____ AVAILABLE DATA
(* Let $\mathcal{N}$ be an Extended TKPN (a Mimos model). Fix, for every input channel of $\mathcal{N}$, an input data stream together with the arrival times of its data items in the corresponding FIFO or register, i.e. a timed input stream. Then the output data streams computed by $\mathcal{N}$ are uniquely determined, and so are the time points at which the data items are inserted into the output FIFOs or registers. That is, $\mathcal{N}$ defines a function from tuples of timed input streams to tuples of timed output streams.
   Context: A Kahn Process Network (KPN) consists of nodes (processes) and FIFO channels of unbounded capacity. Each channel has at most one reader and at most one writer. Each node computes a tuple of functions, one per output, mapping input sequences to a unique output sequence, and a node cannot access the state of other nodes. Reading from a FIFO is blocking: a node waits until all data needed for its next step is available and cannot test a channel for emptiness. Writing is non-blocking. A TKPN (timed KPN) is a KPN in which every node is additionally given a deterministic release pattern (a non-decreasing, divergent sequence of time points in $\mathbb{R}$) and a deadline $\delta\ge 0$. At a release, if all needed inputs are available, the node reads its inputs, computes, and writes its outputs exactly $\delta$ time units after the release; the relevant release is the first one at or after the time when all required data is ready. An Extended TKPN (Mimos) additionally allows: (i) register channels: a write overwrites the stored value; a read is non-blocking and returns the most recently written value; if a read and a write occur at the same time, the write happens first. (ii) merge nodes: a node with at least two input FIFOs and one output FIFO. At each activation it reads all data available in its input FIFOs and outputs all data read from the first input, then all data read from the second, and so on; all output items are stamped with the activation time. A timed stream is a sequence of pairs (data value, time point) whose time components are non-decreasing and divergent. *)

theory Defs
  imports Complex_Main "HOL-Library.Product_Lexorder"
begin

text \<open>A (finite or infinite) stream of stamped items, represented as a prefix-closed
  partial map from positions to items.\<close>
type_synonym ('v, 't) str = "nat \<Rightarrow> ('v \<times> 't) option"

definition tstream :: "('v, real) str \<Rightarrow> bool" where
  "tstream s \<longleftrightarrow>
     (\<forall>i. s i = None \<longrightarrow> s (Suc i) = None) \<and>
     (\<forall>i j v w t u. i \<le> j \<longrightarrow> s i = Some (v, t) \<longrightarrow> s j = Some (w, u) \<longrightarrow> t \<le> u) \<and>
     ((\<forall>i. s i \<noteq> None) \<longrightarrow> (\<forall>B. \<exists>i t v. s i = Some (v, t) \<and> B < t))"

text \<open>Internally, writes are stamped with superdense time (real time, microstep),
  ordered lexicographically (Product_Lexorder).  Zero-delay writes get the next
  microstep, which makes the causal order within one time instant explicit.\<close>
type_synonym sdtime = "real \<times> nat"

definition strip :: "('v, sdtime) str \<Rightarrow> ('v, real) str" where
  "strip s = (\<lambda>i. map_option (\<lambda>(v, t, m). (v, t)) (s i))"

definition stamp0 :: "('v, real) str \<Rightarrow> ('v, sdtime) str" where
  "stamp0 s = (\<lambda>i. map_option (\<lambda>(v, t). (v, (t, 0))) (s i))"

text \<open>Concatenation of the (finite) output lists of successive firings, each list stamped
  with the write time of its firing.\<close>
definition cum :: "(nat \<Rightarrow> ('v list \<times> 't) option) \<Rightarrow> nat \<Rightarrow> nat" where
  "cum ev k = (\<Sum>i<k. case ev i of None \<Rightarrow> 0 | Some (xs, _) \<Rightarrow> length xs)"

definition concat_str :: "(nat \<Rightarrow> ('v list \<times> 't) option) \<Rightarrow> ('v, 't) str" where
  "concat_str ev i =
     (if \<exists>k. i < cum ev (Suc k) then
        (let k = (LEAST k. i < cum ev (Suc k)) in
           case ev k of None \<Rightarrow> None | Some (xs, t) \<Rightarrow> Some (xs ! (i - cum ev k), t))
      else None)"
________
**WORK INSTRUCTIONS**
Beginning with the opening line and ending with the final one, transcribe the material exactly.

**RESPONSE TO THE TASK**
(* Let $\mathcal{N}$ be an Extended TKPN (a Mimos model). Fix, for every input channel of $\mathcal{N}$, an input data stream together with the arrival times of its data items in the corresponding FIFO or register, i.e. a timed input stream. Then the output data streams computed by $\mathcal{N}$ are uniquely determined, and so are the time points at which the data items are inserted into the output FIFOs or registers. That is, $\mathcal{N}$ defines a function from tuples of timed input streams to tuples of timed output streams.
   Context: A Kahn Process Network (KPN) consists of nodes (processes) and FIFO channels of unbounded capacity. Each channel has at most one reader and at most one writer. Each node computes a tuple of functions, one per output, mapping input sequences to a unique output sequence, and a node cannot access the state of other nodes. Reading from a FIFO is blocking: a node waits until all data needed for its next step is available and cannot test a channel for emptiness. Writing is non-blocking. A TKPN (timed KPN) is a KPN in which every node is additionally given a deterministic release pattern (a non-decreasing, divergent sequence of time points in $\mathbb{R}$) and a deadline $\delta\ge 0$. At a release, if all needed inputs are available, the node reads its inputs, computes, and writes its outputs exactly $\delta$ time units after the release; the relevant release is the first one at or after the time when all required data is ready. An Extended TKPN (Mimos) additionally allows: (i) register channels: a write overwrites the stored value; a read is non-blocking and returns the most recently written value; if a read and a write occur at the same time, the write happens first. (ii) merge nodes: a node with at least two input FIFOs and one output FIFO. At each activation it reads all data available in its input FIFOs and outputs all data read from the first input, then all data read from the second, and so on; all output items are stamped with the activation time. A timed stream is a sequence of pairs (data value, time point) whose time components are non-decreasing and divergent. *)

theory Defs
  imports Complex_Main "HOL-Library.Product_Lexorder"
begin

text \<open>A (finite or infinite) stream of stamped items, represented as a prefix-closed
  partial map from positions to items.\<close>
type_synonym ('v, 't) str = "nat \<Rightarrow> ('v \<times> 't) option"

definition tstream :: "('v, real) str \<Rightarrow> bool" where
  "tstream s \<longleftrightarrow>
     (\<forall>i. s i = None \<longrightarrow> s (Suc i) = None) \<and>
     (\<forall>i j v w t u. i \<le> j \<longrightarrow> s i = Some (v, t) \<longrightarrow> s j = Some (w, u) \<longrightarrow> t \<le> u) \<and>
     ((\<forall>i. s i \<noteq> None) \<longrightarrow> (\<forall>B. \<exists>i t v. s i = Some (v, t) \<and> B < t))"

text \<open>Internally, writes are stamped with superdense time (real time, microstep),
  ordered lexicographically (Product_Lexorder).  Zero-delay writes get the next
  microstep, which makes the causal order within one time instant explicit.\<close>
type_synonym sdtime = "real \<times> nat"

definition strip :: "('v, sdtime) str \<Rightarrow> ('v, real) str" where
  "strip s = (\<lambda>i. map_option (\<lambda>(v, t, m). (v, t)) (s i))"

definition stamp0 :: "('v, real) str \<Rightarrow> ('v, sdtime) str" where
  "stamp0 s = (\<lambda>i. map_option (\<lambda>(v, t). (v, (t, 0))) (s i))"

text \<open>Concatenation of the (finite) output lists of successive firings, each list stamped
  with the write time of its firing.\<close>
definition cum :: "(nat \<Rightarrow> ('v list \<times> 't) option) \<Rightarrow> nat \<Rightarrow> nat" where
  "cum ev k = (\<Sum>i<k. case ev i of None \<Rightarrow> 0 | Some (xs, _) \<Rightarrow> length xs)"

definition concat_str :: "(nat \<Rightarrow> ('v list \<times> 't) option) \<Rightarrow> ('v, 't) str" where
  "concat_str ev i =
     (if \<exists>k. i < cum ev (Suc k) then
        (let k = (LEAST k. i < cum ev (Suc k)) in
           case ev k of None \<Rightarrow> None | Some (xs, t) \<Rightarrow> Some (xs ! (i - cum ev k), t))
      else None)"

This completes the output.